=== EXERCISE MATERIAL ===
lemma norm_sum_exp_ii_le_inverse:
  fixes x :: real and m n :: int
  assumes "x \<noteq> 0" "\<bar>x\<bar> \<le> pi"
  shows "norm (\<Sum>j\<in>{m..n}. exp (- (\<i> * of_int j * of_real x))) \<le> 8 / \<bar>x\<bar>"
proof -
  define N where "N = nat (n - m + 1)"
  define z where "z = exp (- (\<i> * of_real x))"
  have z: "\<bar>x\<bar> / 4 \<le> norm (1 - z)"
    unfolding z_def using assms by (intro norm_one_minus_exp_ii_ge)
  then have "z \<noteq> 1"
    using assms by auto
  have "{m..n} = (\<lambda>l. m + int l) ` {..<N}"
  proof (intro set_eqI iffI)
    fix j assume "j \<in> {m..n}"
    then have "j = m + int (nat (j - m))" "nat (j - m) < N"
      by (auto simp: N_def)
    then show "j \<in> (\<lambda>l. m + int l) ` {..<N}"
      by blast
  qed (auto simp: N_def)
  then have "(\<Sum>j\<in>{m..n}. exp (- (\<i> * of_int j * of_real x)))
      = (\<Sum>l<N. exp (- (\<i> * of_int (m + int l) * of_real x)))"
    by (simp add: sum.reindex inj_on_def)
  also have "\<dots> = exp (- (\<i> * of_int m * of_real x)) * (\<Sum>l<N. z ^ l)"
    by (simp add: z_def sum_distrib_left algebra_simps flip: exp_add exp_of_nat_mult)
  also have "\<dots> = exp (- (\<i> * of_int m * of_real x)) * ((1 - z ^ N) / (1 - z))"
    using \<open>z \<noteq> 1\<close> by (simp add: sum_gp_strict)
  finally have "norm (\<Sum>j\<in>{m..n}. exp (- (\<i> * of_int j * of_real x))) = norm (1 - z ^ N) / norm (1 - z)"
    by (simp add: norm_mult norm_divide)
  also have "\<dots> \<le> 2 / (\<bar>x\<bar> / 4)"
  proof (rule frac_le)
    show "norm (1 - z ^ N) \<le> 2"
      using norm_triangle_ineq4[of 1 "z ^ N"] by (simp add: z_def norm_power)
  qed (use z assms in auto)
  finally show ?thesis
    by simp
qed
===
PROBLEM TO WORK ON ▸
All of the lines above should be returned exactly as written.

FINISHED EXERCISE ▸
lemma norm_sum_exp_ii_le_inverse:
  fixes x :: real and m n :: int
  assumes "x \<noteq> 0" "\<bar>x\<bar> \<le> pi"
  shows "norm (\<Sum>j\<in>{m..n}. exp (- (\<i> * of_int j * of_real x))) \<le> 8 / \<bar>x\<bar>"
proof -
  define N where "N = nat (n - m + 1)"
  define z where "z = exp (- (\<i> * of_real x))"
  have z: "\<bar>x\<bar> / 4 \<le> norm (1 - z)"
    unfolding z_def using assms by (intro norm_one_minus_exp_ii_ge)
  then have "z \<noteq> 1"
    using assms by auto
  have "{m..n} = (\<lambda>l. m + int l) ` {..<N}"
  proof (intro set_eqI iffI)
    fix j assume "j \<in> {m..n}"
    then have "j = m + int (nat (j - m))" "nat (j - m) < N"
      by (auto simp: N_def)
    then show "j \<in> (\<lambda>l. m + int l) ` {..<N}"
      by blast
  qed (auto simp: N_def)
  then have "(\<Sum>j\<in>{m..n}. exp (- (\<i> * of_int j * of_real x)))
      = (\<Sum>l<N. exp (- (\<i> * of_int (m + int l) * of_real x)))"
    by (simp add: sum.reindex inj_on_def)
  also have "\<dots> = exp (- (\<i> * of_int m * of_real x)) * (\<Sum>l<N. z ^ l)"
    by (simp add: z_def sum_distrib_left algebra_simps flip: exp_add exp_of_nat_mult)
  also have "\<dots> = exp (- (\<i> * of_int m * of_real x)) * ((1 - z ^ N) / (1 - z))"
    using \<open>z \<noteq> 1\<close> by (simp add: sum_gp_strict)
  finally have "norm (\<Sum>j\<in>{m..n}. exp (- (\<i> * of_int j * of_real x))) = norm (1 - z ^ N) / norm (1 - z)"
    by (simp add: norm_mult norm_divide)
  also have "\<dots> \<le> 2 / (\<bar>x\<bar> / 4)"
  proof (rule frac_le)
    show "norm (1 - z ^ N) \<le> 2"
      using norm_triangle_ineq4[of 1 "z ^ N"] by (simp add: z_def norm_power)
  qed (use z assms in auto)
  finally show ?thesis
    by simp
qed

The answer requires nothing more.